▶ [What the task asks]
Which lines in the data contain the word "outside"? Please copy each of them.

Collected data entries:
(* Let $\phi$ be a partial flow on a metric space $X$. Every isolated set $\Lambda$ of $\phi$ admits a catenary function.
   Context: A partial flow on a metric space $X$ is a continuous map $\phi\colon\Gamma\to X$ on an open set $\Gamma\subset\mathbb{R}\times X$. Here $\Gamma_x=\{t:(t,x)\in\Gamma\}$ is a connected set containing $0$, $\Gamma_{\phi_t(x)}=\Gamma_x-t$, $\phi_0=\mathrm{id}$, and $\phi_s\phi_t=\phi_{s+t}$ where defined. A $\phi$-invariant set $\Lambda$ is isolated if there is a compact neighborhood $N$ (an isolating neighborhood) such that $\phi_{\Gamma_x}(x)\subseteq N$ implies $x\in\Lambda$. $\dot{\mathcal L}(x)=\lim_{t\to0}(\mathcal L(\phi_t(x))-\mathcal L(x))/t$ and $\ddot{\mathcal L}=(\dot{\mathcal L})^{\cdot}$. A catenary function for $\Lambda$ is a continuous $\mathcal L\colon N\to\mathbb{R}$, with $N$ an isolating neighborhood of $\Lambda$, such that $\mathcal L(\Lambda)=0$, $\mathcal L(x)>0$ for $x\in N\setminus\Lambda$, and $\ddot{\mathcal L}=\mathcal L$ on $N$. *)

theory Defs
  imports "HOL-Analysis.Analysis"
begin

definition dom_at :: "(real \<times> 'a) set \<Rightarrow> 'a \<Rightarrow> real set" where
  "dom_at \<Gamma> x = {t. (t, x) \<in> \<Gamma>}"

definition partial_flow :: "(real \<times> 'a::metric_space) set \<Rightarrow> (real \<times> 'a \<Rightarrow> 'a) \<Rightarrow> bool" where
  "partial_flow \<Gamma> \<phi> \<longleftrightarrow>
     open \<Gamma> \<and> continuous_on \<Gamma> \<phi> \<and>
     (\<forall>x. 0 \<in> dom_at \<Gamma> x \<and> connected (dom_at \<Gamma> x)) \<and>
     (\<forall>t x. (t, x) \<in> \<Gamma> \<longrightarrow> dom_at \<Gamma> (\<phi> (t, x)) = (\<lambda>s. s - t) ` dom_at \<Gamma> x) \<and>
     (\<forall>x. \<phi> (0, x) = x) \<and>
     (\<forall>s t x. (t, x) \<in> \<Gamma> \<longrightarrow> (s, \<phi> (t, x)) \<in> \<Gamma> \<longrightarrow> \<phi> (s, \<phi> (t, x)) = \<phi> (s + t, x))"

definition invariant_set :: "(real \<times> 'a) set \<Rightarrow> (real \<times> 'a \<Rightarrow> 'a) \<Rightarrow> 'a set \<Rightarrow> bool" where
  "invariant_set \<Gamma> \<phi> \<Lambda> \<longleftrightarrow> (\<forall>x\<in>\<Lambda>. \<forall>t\<in>dom_at \<Gamma> x. \<phi> (t, x) \<in> \<Lambda>)"

definition isolating_nbhd :: "(real \<times> 'a::metric_space) set \<Rightarrow> (real \<times> 'a \<Rightarrow> 'a) \<Rightarrow> 'a set \<Rightarrow> 'a set \<Rightarrow> bool" where
  "isolating_nbhd \<Gamma> \<phi> \<Lambda> N \<longleftrightarrow> compact N \<and> \<Lambda> \<subseteq> interior N \<and>
     (\<forall>x. (\<lambda>t. \<phi> (t, x)) ` dom_at \<Gamma> x \<subseteq> N \<longrightarrow> x \<in> \<Lambda>)"

definition isolated_set :: "(real \<times> 'a::metric_space) set \<Rightarrow> (real \<times> 'a \<Rightarrow> 'a) \<Rightarrow> 'a set \<Rightarrow> bool" where
  "isolated_set \<Gamma> \<phi> \<Lambda> \<longleftrightarrow> invariant_set \<Gamma> \<phi> \<Lambda> \<and> (\<exists>N. isolating_nbhd \<Gamma> \<phi> \<Lambda> N)"

definition has_orbital_deriv ::
  "(real \<times> 'a) set \<Rightarrow> (real \<times> 'a \<Rightarrow> 'a) \<Rightarrow> 'a set \<Rightarrow> ('a \<Rightarrow> real) \<Rightarrow> real \<Rightarrow> 'a \<Rightarrow> bool" where
  "has_orbital_deriv \<Gamma> \<phi> N L D x \<longleftrightarrow>
     ((\<lambda>t. (L (\<phi> (t, x)) - L x) / t) \<longlongrightarrow> D)
       (at 0 within {t \<in> dom_at \<Gamma> x. \<phi> (t, x) \<in> N})"

definition catenary_function ::
  "(real \<times> 'a::metric_space) set \<Rightarrow> (real \<times> 'a \<Rightarrow> 'a) \<Rightarrow> 'a set \<Rightarrow> 'a set \<Rightarrow> ('a \<Rightarrow> real) \<Rightarrow> bool" where
  "catenary_function \<Gamma> \<phi> \<Lambda> N L \<longleftrightarrow>
     isolating_nbhd \<Gamma> \<phi> \<Lambda> N \<and> continuous_on N L \<and>
     (\<forall>x\<in>\<Lambda>. L x = 0) \<and> (\<forall>x\<in>N - \<Lambda>. L x > 0) \<and>
     (\<exists>Ld. (\<forall>x\<in>N. has_orbital_deriv \<Gamma> \<phi> N L (Ld x) x) \<and>
           (\<forall>x\<in>N. has_orbital_deriv \<Gamma> \<phi> N Ld (L x) x))"

end

theory Submission
  imports Defs
begin

text \<open>Choose a continuous cutoff k with values in [0, 1] that vanishes near \<Lambda> and equals 1
  outside an isolating neighbourhood N, and let P x be the supremum of e^-t k (\<phi>_t x) over
  t \<ge> 0, Q the same for the time-reversed flow. Invariance of \<Lambda> gives P = Q = 0 on \<Lambda>, and a
  point outside \<Lambda> leaves N forwards or backwards, so P + Q > 0 there. P and Q are continuous
  because an orbit of a partial flow can only cease to exist after it has left the compact set N.
  On a smaller isolating neighbourhood N' the cutoff vanishes along short orbit pieces, so
  P (\<phi>_t x) = e^t P x and Q (\<phi>_t x) = e^-t Q x for small t; hence L = P + Q has orbital
  derivative P - Q, whose orbital derivative is L again.\<close>

section \<open>Partial flows\<close>

lemma partial_flow_open: "partial_flow \<Gamma> \<phi> \<Longrightarrow> open \<Gamma>"
  by (simp add: partial_flow_def)

lemma partial_flow_zero_mem: "partial_flow \<Gamma> \<phi> \<Longrightarrow> (0, x) \<in> \<Gamma>"
  by (simp add: partial_flow_def dom_at_def)

lemma partial_flow_zero: "partial_flow \<Gamma> \<phi> \<Longrightarrow> \<phi> (0, x) = x"
  by (simp add: partial_flow_def)

lemma partial_flow_isCont: "partial_flow \<Gamma> \<phi> \<Longrightarrow> p \<in> \<Gamma> \<Longrightarrow> isCont \<phi> p"
  using continuous_on_eq_continuous_at[of \<Gamma> \<phi>] by (simp add: partial_flow_def)

lemma partial_flow_mem_between:
  assumes "partial_flow \<Gamma> \<phi>" "(a, x) \<in> \<Gamma>" "(b, x) \<in> \<Gamma>" "a \<le> s" "s \<le> b"
  shows "(s, x) \<in> \<Gamma>"
proof -
  have "connected (dom_at \<Gamma> x)" using assms(1) by (simp add: partial_flow_def)
  then show ?thesis using assms(2-) unfolding connected_iff_interval dom_at_def by blast
qed

lemma partial_flow_mem_flow_iff:
  assumes "partial_flow \<Gamma> \<phi>" "(t, x) \<in> \<Gamma>"
  shows "(v, \<phi> (t, x)) \<in> \<Gamma> \<longleftrightarrow> (v + t, x) \<in> \<Gamma>"
proof -
  have "dom_at \<Gamma> (\<phi> (t, x)) = (\<lambda>s. s - t) ` dom_at \<Gamma> x"
    using assms by (simp add: partial_flow_def)
  then have "v \<in> dom_at \<Gamma> (\<phi> (t, x)) \<longleftrightarrow> v \<in> (\<lambda>s. s - t) ` dom_at \<Gamma> x" by simp
  also have "\<dots> \<longleftrightarrow> v + t \<in> dom_at \<Gamma> x"
    by (auto simp: image_iff intro!: bexI[of _ "v + t"])
  finally show ?thesis by (simp add: dom_at_def)
qed

lemma partial_flow_flow_flow:
  "partial_flow \<Gamma> \<phi> \<Longrightarrow> (t, x) \<in> \<Gamma> \<Longrightarrow> (s, \<phi> (t, x)) \<in> \<Gamma> \<Longrightarrow> \<phi> (s, \<phi> (t, x)) = \<phi> (s + t, x)"
  by (simp add: partial_flow_def)

definition flip_time :: "real \<times> 'a \<Rightarrow> real \<times> 'a" where
  "flip_time p = (- fst p, snd p)"

lemma flip_time_simps [simp]:
  "flip_time (t, x) = (- t, x)" "(t, x) \<in> flip_time -` \<Gamma> \<longleftrightarrow> (- t, x) \<in> \<Gamma>"
  by (simp_all add: flip_time_def)

lemma partial_flow_flip_time:
  assumes pf: "partial_flow \<Gamma> \<phi>"
  shows "partial_flow (flip_time -` \<Gamma>) (\<phi> \<circ> flip_time)"
  unfolding partial_flow_def
proof (intro conjI allI impI)
  have flip_cont: "continuous_on A flip_time" for A :: "(real \<times> 'a) set"
    unfolding flip_time_def by (intro continuous_intros)
  show "open (flip_time -` \<Gamma>)"
    using open_vimage[OF partial_flow_open[OF pf] flip_cont] .
  have "continuous_on \<Gamma> \<phi>" using pf by (simp add: partial_flow_def)
  then show "continuous_on (flip_time -` \<Gamma>) (\<phi> \<circ> flip_time)"
    by (intro continuous_on_compose flip_cont continuous_on_subset[OF _ image_vimage_subset])
  fix x
  show "0 \<in> dom_at (flip_time -` \<Gamma>) x"
    using partial_flow_zero_mem[OF pf] by (simp add: dom_at_def)
  show "connected (dom_at (flip_time -` \<Gamma>) x)"
    unfolding connected_iff_interval
  proof (intro ballI allI impI)
    fix a b s assume "a \<in> dom_at (flip_time -` \<Gamma>) x" "b \<in> dom_at (flip_time -` \<Gamma>) x" "a \<le> s" "s \<le> b"
    then have "(- b, x) \<in> \<Gamma>" "(- a, x) \<in> \<Gamma>" "- b \<le> - s" "- s \<le> - a"
      by (simp_all add: dom_at_def)
    from partial_flow_mem_between[OF pf this] show "s \<in> dom_at (flip_time -` \<Gamma>) x"
      by (simp add: dom_at_def)
  qed
  show "(\<phi> \<circ> flip_time) (0, x) = x"
    using partial_flow_zero[OF pf] by simp
  fix t assume tx: "(t, x) \<in> flip_time -` \<Gamma>"
  then have mtx: "(- t, x) \<in> \<Gamma>" by simp
  show "dom_at (flip_time -` \<Gamma>) ((\<phi> \<circ> flip_time) (t, x)) = (\<lambda>s. s - t) ` dom_at (flip_time -` \<Gamma>) x"
  proof (intro set_eqI)
    fix v
    have "v \<in> dom_at (flip_time -` \<Gamma>) ((\<phi> \<circ> flip_time) (t, x)) \<longleftrightarrow> (- v + - t, x) \<in> \<Gamma>"
      using partial_flow_mem_flow_iff[OF pf mtx, of "- v"] by (simp add: dom_at_def)
    also have "\<dots> \<longleftrightarrow> v \<in> (\<lambda>s. s - t) ` dom_at (flip_time -` \<Gamma>) x"
      by (auto simp: dom_at_def image_iff intro!: exI[of _ "v + t"])
    finally show "v \<in> dom_at (flip_time -` \<Gamma>) ((\<phi> \<circ> flip_time) (t, x)) \<longleftrightarrow>
      v \<in> (\<lambda>s. s - t) ` dom_at (flip_time -` \<Gamma>) x" .
  qed
  fix s assume "(s, (\<phi> \<circ> flip_time) (t, x)) \<in> flip_time -` \<Gamma>"
  then have "(- s, \<phi> (- t, x)) \<in> \<Gamma>" by simp
  from partial_flow_flow_flow[OF pf mtx this]
  show "(\<phi> \<circ> flip_time) (s, (\<phi> \<circ> flip_time) (t, x)) = (\<phi> \<circ> flip_time) (s + t, x)"
    by simp
qed

lemma partial_flow_uniform_time:
  assumes pf: "partial_flow \<Gamma> \<phi>" and K: "compact K"
  obtains d where "d > 0" "\<And>s y. \<bar>s\<bar> < d \<Longrightarrow> y \<in> K \<Longrightarrow> (s, y) \<in> \<Gamma>"
proof -
  have "{0} \<times> K \<subseteq> \<Gamma>" using partial_flow_zero_mem[OF pf] by auto
  then obtain T :: "real set" where "0 \<in> T" "open T" "T \<times> K \<subseteq> \<Gamma>"
    using Elementary_Topology.tube_lemma[OF K partial_flow_open[OF pf]] by blast
  obtain d where "d > 0" "ball 0 d \<subseteq> T"
    using \<open>open T\<close> \<open>0 \<in> T\<close> open_contains_ball by blast
  show ?thesis
  proof (rule that[OF \<open>d > 0\<close>])
    fix s y assume "\<bar>s\<bar> < d" "y \<in> K"
    then have "s \<in> T" using \<open>ball 0 d \<subseteq> T\<close> by (auto simp: dist_real_def)
    then show "(s, y) \<in> \<Gamma>" using \<open>T \<times> K \<subseteq> \<Gamma>\<close> \<open>y \<in> K\<close> by blast
  qed
qed

text \<open>The uniform time of existence over N lets the orbit be continued in steps of fixed
  length as long as it stays in N.\<close>
lemma partial_flow_leaves_compact:
  assumes pf: "partial_flow \<Gamma> \<phi>" and N: "compact N" and "0 \<le> v" "(v, x) \<notin> \<Gamma>"
  obtains r where "0 \<le> r" "r < v" "(r, x) \<in> \<Gamma>" "\<phi> (r, x) \<notin> N"
proof (rule ccontr)
  note exit = that
  assume "\<not> thesis"
  then have stays: "\<phi> (r, x) \<in> N" if "0 \<le> r" "r < v" "(r, x) \<in> \<Gamma>" for r
    using exit[of r] that by blast
  obtain d where d: "d > 0" "\<And>s y. \<bar>s\<bar> < d \<Longrightarrow> y \<in> N \<Longrightarrow> (s, y) \<in> \<Gamma>"
    using partial_flow_uniform_time[OF pf N] by blast
  have "(min (real n * (d / 2)) v, x) \<in> \<Gamma>" for n
  proof (induction n)
    case 0
    then show ?case using \<open>0 \<le> v\<close> partial_flow_zero_mem[OF pf] by simp
  next
    case (Suc n)
    define r where "r = min (real n * (d / 2)) v"
    show ?case
    proof (cases "r = v")
      case True
      then show ?thesis using Suc d(1) by (simp add: r_def min_def algebra_simps split: if_splits)
    next
      case False
      then have "r < v" "0 \<le> r" using \<open>0 \<le> v\<close> d(1) by (auto simp: r_def)
      then have "(d / 2, \<phi> (r, x)) \<in> \<Gamma>"
        using d stays Suc by (simp add: r_def)
      then have "(d / 2 + r, x) \<in> \<Gamma>"
        using partial_flow_mem_flow_iff[OF pf Suc[folded r_def]] by simp
      then show ?thesis
        using partial_flow_mem_between[OF pf partial_flow_zero_mem[OF pf]] \<open>0 \<le> r\<close> \<open>0 \<le> v\<close> d(1)
        by (simp add: r_def min_def algebra_simps split: if_splits)
    qed
  qed
  moreover obtain n where "v / (d / 2) < real n" using reals_Archimedean2 by blast
  then have "min (real n * (d / 2)) v = v" using d(1) by (simp add: field_simps)
  ultimately show False using \<open>(v, x) \<notin> \<Gamma>\<close> by metis
qed

section \<open>Isolating neighbourhoods\<close>

lemma isolating_nbhd_subset:
  assumes "isolating_nbhd \<Gamma> \<phi> \<Lambda> N" "N' \<subseteq> N" "compact N'" "\<Lambda> \<subseteq> interior N'"
  shows "isolating_nbhd \<Gamma> \<phi> \<Lambda> N'"
  using assms unfolding isolating_nbhd_def by blast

▶ [Your response]
  outside an isolating neighbourhood N, and let P x be the supremum of e^-t k (\<phi>_t x) over
  point outside \<Lambda> leaves N forwards or backwards, so P + Q > 0 there. P and Q are continuous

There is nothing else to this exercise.